In the latest episode of the Queer Love Podcast, trans pioneer and gender outlaw Kate Bornstein speaks with host Jerry Portwood about the reissue of her book, Hello, Cruel World: 101+ Alternatives to Suicide for Teens, Freaks, and Other Outlaws. The second edition now includes 20 additional alternatives and Kate’s urgent new essay, “Hello, Cruel Gender.”
At the top of the pod, Kate addresses the hate messages coming from the Trump administration and beyond and what it means living a world when “cruelty is in power”:
“That's not gonna stop us. We are a culture; we aren't a bunch of disjoined bunch of people. I was fortunate to be in the position of a gardener and plant some seeds along with some other folks of my generation and they have been watered and we have entire garden now. And you can't mow that down!”

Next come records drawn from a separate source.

(* Let $M\ge2$ and $\mathfrak{F}_M=\{\pi/M,2\pi/M,\dots,(M-1)\pi/M\}$. Let $K=\kappa^N$ be a complex parameter and, for $\phi\in\mathfrak{F}_M$, set (with a fixed choice of square root) $$\Delta_\phi=e^{i\phi}\big(\sqrt{\cos^2\phi+K}+\cos\phi\big),\quad \Delta^*_\phi=e^{-i\phi}\big(\sqrt{\cos^2\phi+K}+\cos\phi\big),\quad \Lambda_\phi=\Delta_\phi\Delta^*_\phi .$$ Let $1\le n\le M-1$ and let $\phi_1,\dots,\phi_n$ be distinct elements of $\mathfrak{F}_M$; write $\Delta_k=\Delta_{\phi_k}$, $\Delta_k^*=\Delta^*_{\phi_k}$, $\Lambda_k=\Lambda_{\phi_k}$, and assume $K$ and $\xi\in\mathbb{C}$ are generic so that all denominators below are nonzero. Define the phase shifts $d_{j,k}=\frac{(\Delta_j-\Delta_k)(\Delta_j^*-\Delta_k^* )}{(\Delta_j-\Delta_k^* )(\Delta_j^*-\Delta_k)}$, and for amplitudes $f_1,\dots,f_n$ and integer $m$ define recursively $\Theta^{(0)}_m=1$ and $$\Theta^{(n)}_m(\{f_k,\phi_k\}_{k=1}^n)=\Theta^{(n-1)}_m(\{f_k,\phi_k\}_{k=1}^{n-1})-f_n e^{2im\phi_n}\,\Theta^{(n-1)}_m(\{d_{k,n}f_k,\phi_k\}_{k=1}^{n-1}).$$ Let $s_k(\xi)=\frac{\Delta_k^*}{\Delta_k}\frac{\Delta_k-\xi}{\Delta_k^*-\xi}$, $s_{k,j}=s_k(\Delta_j^* )$, and define $\Theta^{(n)}_m(\xi)=\Theta^{(n)}_m(\{f_k,\phi_k\}_{k=1}^n)$ with $f_k=s_k(\xi)\prod_{j=1,\,j\ne k}^n s_{k,j}$. Then $$\Theta^{(n)}_n(\xi)=\prod_{k=1}^n\frac{\Delta_k^*-\Delta_k}{\Delta_k^*-\xi}\prod_{1\le j<k\le n}\frac{\Lambda_j-\Lambda_k}{\Delta_j^*-\Delta_k^*},$$ and for $m=0,1,\dots,n$ $$\Theta^{(n)}_m(\xi)=(-K)^{(n-m)(n-m-1)/2}\left(\frac{\xi}{\Delta_1\cdots\Delta_n}\right)^{n-m}\Theta^{(n)}_n(\xi).$$ Moreover, if $\xi=1$, the last formula also holds for $m=-1$.
   Context: Here $\Delta_\phi,\Delta^*_\phi$ parametrize the curve $\Delta\Delta^*=\Delta+\Delta^*+\kappa^N$ with $e^{2i\phi}=\Delta/\Delta^*$ (this holds for either choice of the square root). In the recursion, the functions $\Theta^{(n-1)}_m$ are evaluated at the modified amplitude lists indicated (the amplitudes are treated as formal arguments). *)

theory Defs
  imports Complex_Main
begin

text \<open>Delta_phi and Delta^*_phi, given a square root r of cos^2 phi + K.\<close>
definition Dlt :: "real \<Rightarrow> complex \<Rightarrow> complex" where
  "Dlt \<phi> r = exp (\<i> * of_real \<phi>) * (r + of_real (cos \<phi>))"

definition Dlts :: "real \<Rightarrow> complex \<Rightarrow> complex" where
  "Dlts \<phi> r = exp (- \<i> * of_real \<phi>) * (r + of_real (cos \<phi>))"

definition dsh :: "(nat \<Rightarrow> complex) \<Rightarrow> (nat \<Rightarrow> complex) \<Rightarrow> nat \<Rightarrow> nat \<Rightarrow> complex" where
  "dsh D Ds j k = ((D j - D k) * (Ds j - Ds k)) / ((D j - Ds k) * (Ds j - D k))"

text \<open>Theta^{(n)}_m({f_k, phi_k}_{k=1}^n); amplitudes f indexed 1..n.\<close>
fun Theta :: "(nat \<Rightarrow> complex) \<Rightarrow> (nat \<Rightarrow> complex) \<Rightarrow> (nat \<Rightarrow> real) \<Rightarrow> nat \<Rightarrow> int
              \<Rightarrow> (nat \<Rightarrow> complex) \<Rightarrow> complex" where
  "Theta D Ds \<phi> 0 m f = 1"
| "Theta D Ds \<phi> (Suc n) m f =
     Theta D Ds \<phi> n m f
     - f (Suc n) * exp (2 * \<i> * of_int m * of_real (\<phi> (Suc n)))
       * Theta D Ds \<phi> n m (\<lambda>k. dsh D Ds k (Suc n) * f k)"

definition sfun :: "(nat \<Rightarrow> complex) \<Rightarrow> (nat \<Rightarrow> complex) \<Rightarrow> nat \<Rightarrow> complex \<Rightarrow> complex" where
  "sfun D Ds k \<xi> = (Ds k / D k) * ((D k - \<xi>) / (Ds k - \<xi>))"

definition ampl :: "(nat \<Rightarrow> complex) \<Rightarrow> (nat \<Rightarrow> complex) \<Rightarrow> nat \<Rightarrow> complex \<Rightarrow> nat \<Rightarrow> complex" where
  "ampl D Ds n \<xi> k = sfun D Ds k \<xi> * (\<Prod>j\<in>{1..n} - {k}. sfun D Ds k (Ds j))"

end

theory Submission
  imports Defs "Jordan_Normal_Form.Determinant"
begin

(* Expanding the recursion writes Theta_m as a signed sum over subsets S of {1..n}. For the
   amplitudes f_k the pair factors telescope, by a Cauchy-type identity, into a ratio of
   Vandermonde products V(c_S) / V(Delta*_1, ..., Delta*_n), where c_S equals Delta_k on S and
   Delta*_k off S. Hence the subset sum is the multilinear expansion of the single determinant
   det [beta_k (Delta*_k)^i - alpha_k (Delta_k)^i], with alpha, beta depending on p = n - m.
   On the curve Delta Delta* = Delta + Delta* + K every entry is (Delta*_k - Delta_k) P_i(Lambda_k)
   for polynomials P_i of degree < n, so the determinant factors as
   prod (Delta*_k - Delta_k) * V(Lambda_1, ..., Lambda_n) * det (coefficients of the P_i), and the
   coefficient matrix is triangular up to a reordering of the rows, with determinant
   xi^p (-K)^(p(p-1)/2). Comparing p with p = 0 gives the ratios; when xi = 1 the degree bound
   survives for p = n + 1, i.e. m = -1. *)

section \<open>Determinant identities\<close>

lemma det_mat_scale_rows:
  "det (mat n n (\<lambda>(k,i). c k * A k i)) = (\<Prod>k<n. c k) * det (mat n n (\<lambda>(k,i). A k i))"
proof -
  have "mat n n (\<lambda>(k,i). c k * A k i) = mat\<^sub>r n n (\<lambda>k. c k \<cdot>\<^sub>v vec n (A k))"
    by (rule eq_matI) auto
  moreover have "mat n n (\<lambda>(k,i). A k i) = mat\<^sub>r n n (\<lambda>k. vec n (A k))"
    by (rule eq_matI) auto
  ultimately show ?thesis
    by (simp add: det_rows_mul atLeast0LessThan)
qed

lemma det_unit_first_row:
  fixes A :: "'a::comm_ring_1 mat"
  assumes A: "A \<in> carrier_mat (Suc n) (Suc n)"
    and row0: "\<And>j. j < Suc n \<Longrightarrow> A $$ (0, j) = (if j = 0 then 1 else 0)"
  shows "det A = det (mat n n (\<lambda>(i,j). A $$ (Suc i, Suc j)))"
proof -
  have "det A = (\<Sum>j<Suc n. A $$ (0, j) * cofactor A 0 j)"
    by (rule laplace_expansion_row[OF A]) simp
  also have "\<dots> = (\<Sum>j<Suc n. if j = 0 then cofactor A 0 0 else 0)"
    using row0 by (intro sum.cong) auto
  also have "\<dots> = cofactor A 0 0"
    by simp
  also have "mat_delete A 0 0 = mat n n (\<lambda>(i,j). A $$ (Suc i, Suc j))"
    using A by (intro eq_matI) (auto simp: mat_delete_def insert_index_def)
  then have "cofactor A 0 0 = det (mat n n (\<lambda>(i,j). A $$ (Suc i, Suc j)))"
    by (simp add: cofactor_def)
  finally show ?thesis .
qed

lemma det_vandermonde_mat:
  "det (mat n n (\<lambda>(k,i). (x k :: 'a::comm_ring_1) ^ i)) = (\<Prod>k<n. \<Prod>j<k. x k - x j)"
proof (induction n arbitrary: x)
  case 0
  then show ?case by simp
next
  case (Suc m)
  define V where "V = mat (Suc m) (Suc m) (\<lambda>(k,i). x k ^ i)"
  \<comment> \<open>column operations: column i minus x 0 times column i - 1\<close>
  define U where "U = mat (Suc m) (Suc m)
    (\<lambda>(l,i). if l = i then 1 else if Suc l = i then - x 0 else (0::'a))"
  have V: "V \<in> carrier_mat (Suc m) (Suc m)" and U: "U \<in> carrier_mat (Suc m) (Suc m)"
    unfolding V_def U_def by auto
  have "det U = prod_list (diag_mat U)"
    by (rule det_upper_triangular[OF _ U]) (auto simp: U_def upper_triangular_def)
  then have detU: "det U = 1"
    by (simp add: prod_list_diag_prod U_def)
  have VU: "(V * U) $$ (k,i) = (if i = 0 then 1 else (x k - x 0) * x k ^ (i - 1))"
    if "k < Suc m" "i < Suc m" for k i
  proof -
    have "(V * U) $$ (k,i) =
        (\<Sum>l<Suc m. (if l = i then x k ^ l else 0) - (if Suc l = i then x 0 * x k ^ l else 0))"
      using that by (auto simp: V_def U_def scalar_prod_def atLeast0LessThan intro!: sum.cong)
    also have "\<dots> = (if i = 0 then 1 else (x k - x 0) * x k ^ (i - 1))"
      using that by (cases i) (simp_all add: sum_subtractf algebra_simps, metis Suc_lessI power_Suc)
    finally show ?thesis .
  qed
  have "det V = det (V * U)"
    using det_mult[OF V U] detU by simp
  also have "\<dots> = det (mat m m (\<lambda>(i,j). (V * U) $$ (Suc i, Suc j)))"
    by (rule det_unit_first_row) (use V U in \<open>simp_all del: index_mult_mat add: VU\<close>)
  also have "mat m m (\<lambda>(i,j). (V * U) $$ (Suc i, Suc j)) =
      mat m m (\<lambda>(k,i). (x (Suc k) - x 0) * x (Suc k) ^ i)"
    by (rule eq_matI) (simp_all del: index_mult_mat add: VU)
  also have "det \<dots> = (\<Prod>k<m. x (Suc k) - x 0) * (\<Prod>k<m. \<Prod>j<k. x (Suc k) - x (Suc j))"
    using Suc.IH[of "\<lambda>k. x (Suc k)"] by (simp add: det_mat_scale_rows)
  also have "\<dots> = (\<Prod>k<Suc m. \<Prod>j<k. x k - x j)"
    by (simp add: prod.lessThan_Suc_shift prod.distrib del: prod.lessThan_Suc)
  finally show ?case
    unfolding V_def .
qed

lemma det_mat_shifted_rows_leibniz:
  "det (mat n n (\<lambda>(k,i). F (Suc k) i)) =
    (\<Sum>p | p permutes {0..<n}. signof p * (\<Prod>k\<in>{1..n}. F k (p (k - 1))))"
proof -
  have "(\<Prod>i = 0..<n. mat n n (\<lambda>(k,i). F (Suc k) i) $$ (i, p i)) = (\<Prod>k\<in>{1..n}. F k (p (k - 1)))"
    if "p permutes {0..<n}" for p
  proof -
    have "(\<Prod>i = 0..<n. mat n n (\<lambda>(k,i). F (Suc k) i) $$ (i, p i)) = (\<Prod>i<n. F (Suc i) (p i))"
      using permutes_in_image[OF that] by (auto simp: atLeast0LessThan intro!: prod.cong)
    then show ?thesis
      by (simp add: prod.atLeast1_atMost_eq)
  qed
  then show ?thesis
    unfolding det_def'[OF mat_carrier] by (intro sum.cong) auto
qed

lemma det_mat_rows_diff_expand:
  "det (mat n n (\<lambda>(k,i). u (Suc k) i - v (Suc k) i)) =
    (\<Sum>S\<in>Pow {1..n}. (-1) ^ card S *
      det (mat n n (\<lambda>(k,i). if Suc k \<in> S then v (Suc k) i else u (Suc k) i)))"
proof -
  let ?N = "{1..n}" and ?P = "{p. p permutes {0..<n}}"
  have "det (mat n n (\<lambda>(k,i). u (Suc k) i - v (Suc k) i)) =
      (\<Sum>p\<in>?P. signof p * (\<Sum>S\<in>Pow ?N. (-1) ^ card S *
        (\<Prod>k\<in>?N. if k \<in> S then v k (p (k - 1)) else u k (p (k - 1)))))"
    unfolding det_mat_shifted_rows_leibniz[of n "\<lambda>k i. u k i - v k i"]
      prod_diff_conv_sum[OF finite_atLeastAtMost]
    by (intro sum.cong refl arg_cong[where f = "\<lambda>x. _ * x"])
      (auto simp: prod.If_cases Int_absorb1 Diff_eq mult.assoc)
  also have "\<dots> = (\<Sum>S\<in>Pow ?N. (-1) ^ card S *
      det (mat n n (\<lambda>(k,i). if Suc k \<in> S then v (Suc k) i else u (Suc k) i)))"
    unfolding det_mat_shifted_rows_leibniz[of n "\<lambda>k i. if k \<in> _ then v k i else u k i"]
      sum_distrib_left
    by (subst sum.swap) (simp add: ac_simps)
  finally show ?thesis .
qed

Kate also explains that she originally wrote and published Hello, Cruel World in 2006, before Obama was running for president, and things quickly became polarized the following year.
“What I didn't know when I was writing Hello, Cruel World was how to deal with a bully who said, ‘Don't cross this line. Once you cross this line, you're on the other side. You are other. That makes you bad. Other is evil.’

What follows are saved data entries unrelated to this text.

definition admissible :: "'a \<times> 'a \<Rightarrow> bool" where
  "admissible s \<longleftrightarrow> fst s \<in> A \<and> snd s \<in> A \<and> r x (fst s) + gap s + r (snd s) y = r x y
     \<and> r x (fst s) \<le> t \<and> t \<le> r x (fst s) + gap s"

lemma admissible_start: "admissible (x, y)"
  unfolding admissible_def gap_def using x y t by auto

lemma gap_admissible_nonneg: "admissible s \<Longrightarrow> 0 \<le> gap s"
  unfolding admissible_def gap_def using nonneg by auto

lemma admissible_nested:
  assumes "admissible s" "nested s s'"
  shows "r x (fst s') = r x (fst s) + r (fst s) (fst s')"
    and "r (snd s') y = r (snd s') (snd s) + r (snd s) y"
    and "r x (fst s') + gap s' + r (snd s') y = r x y"
proof -
  obtain w v w' v' where s: "s = (w, v)" "s' = (w', v')" by (cases s, cases s')
  have A: "w \<in> A" "v \<in> A" "w' \<in> A" "v' \<in> A"
    using assms unfolding admissible_def nested_def s by auto
  have "r x w' \<le> r x w + r w w'" "r v' y \<le> r v' v + r v y"
    "r x v' \<le> r x w' + r w' v'" "r x y \<le> r x v' + r v' y"
    using triangle A x y by auto
  then show "r x (fst s') = r x (fst s) + r (fst s) (fst s')"
    "r (snd s') y = r (snd s') (snd s) + r (snd s) y"
    "r x (fst s') + gap s' + r (snd s') y = r x y"
    using assms unfolding admissible_def nested_def gap_def s by auto
qed

definition refinements :: "'a \<times> 'a \<Rightarrow> ('a \<times> 'a) set" where
  "refinements s = {s'. admissible s' \<and> nested s s'}"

“And I didn't really address that as deeply as I wished I could have in the first edition. That's why the 20 new alternatives to suicide deal mostly with the idea of good and evil culture—which is what we've become.”

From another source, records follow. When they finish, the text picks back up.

theorem mainTheorem11:
  fixes D m :: "'f::field set" and a :: "real^'d" and \<nu> :: "'f \<Rightarrow> int^'d"
  assumes "subring D" and "is_fraction_field_of D"
    and "noetherian D" and "local_ring D" and "maximal_ideal D m"
    and "krull_dim D = enat CARD('d)"
    and "rat_lin_indep a"
    and "valuation a \<nu>"
    and "OK_valuation a \<nu> D m"
  shows "\<exists>u \<in> \<nu> ` (D - {0}). \<forall>M h. submodule D M \<longrightarrow> 1 \<le> h \<longrightarrow> enat h \<le> res_deg a \<nu> D m \<longrightarrow>
           ((\<lambda>w. w + u) ` \<nu> ` (M - {0}) \<subseteq> nu_h a \<nu> D m h M \<and> nu_h a \<nu> D m h M \<subseteq> \<nu> ` (M - {0}))"
proof -
  have "res_deg a \<nu> D m < \<infinity>"
    using assms(9) unfolding OK_valuation_def by blast
  then obtain n \<theta> where \<theta>: "lin_indep_mod D m (Fge a \<nu> 0) (Fgt a \<nu> 0) n \<theta>"
    and deg: "res_deg a \<nu> D m = enat n"
    using kdim_attained unfolding res_deg_def by (metis less_irrefl)
  obtain b where b: "b \<in> D" "b \<noteq> 0" "\<forall>i<n. b * \<theta> i \<in> D"
    using common_denominator[OF assms(1,2), of "\<theta> ` {..<n}"] by auto
  have "0 \<in> D" "1 \<in> D"
    using assms(1) by (auto simp: subring_def)
  have "1 \<notin> m"
    using one_not_in_maximal_ideal assms(1,5) .
  show ?thesis
  proof (intro bexI[of _ "\<nu> b"] allI impI conjI)
    fix M h
    assume M: "submodule D M" and "1 \<le> h" and "enat h \<le> res_deg a \<nu> D m"
    then have "h \<le> n" using deg by simp
    then show "(\<lambda>w. w + \<nu> b) ` \<nu> ` (M - {0}) \<subseteq> nu_h a \<nu> D m h M"
      by (rule shifted_values_subset_nu_h[OF assms(8) M \<theta> b(2,3)])
    show "nu_h a \<nu> D m h M \<subseteq> \<nu> ` (M - {0})"
      by (rule nu_h_subset_values[OF assms(7) \<open>0 \<in> D\<close> \<open>1 \<in> D\<close> \<open>1 \<notin> m\<close> \<open>1 \<le> h\<close>])
  next
    show "\<nu> b \<in> \<nu> ` (D - {0})" using b by blast
  qed
qed

end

Listen in as Kate narrates one of the new “lessons” in the book: “Stay friends anyway.” Kate and Jerry also discuss how “stepping into the world of BDSM dykes” gave Kate’s writing a “rocket booster” when she was working on the Gender Workbook, her new theory of “gender in four dimensions” and how queer love is something not static. As she explains, “when you answer what is love, you've lost it. You know it when you embody it.”
Plus, find out what to expect in her queer romance novel, Nearly Roadkill, which is being reissued in September with an expanded narrative and a new, nonbinary character.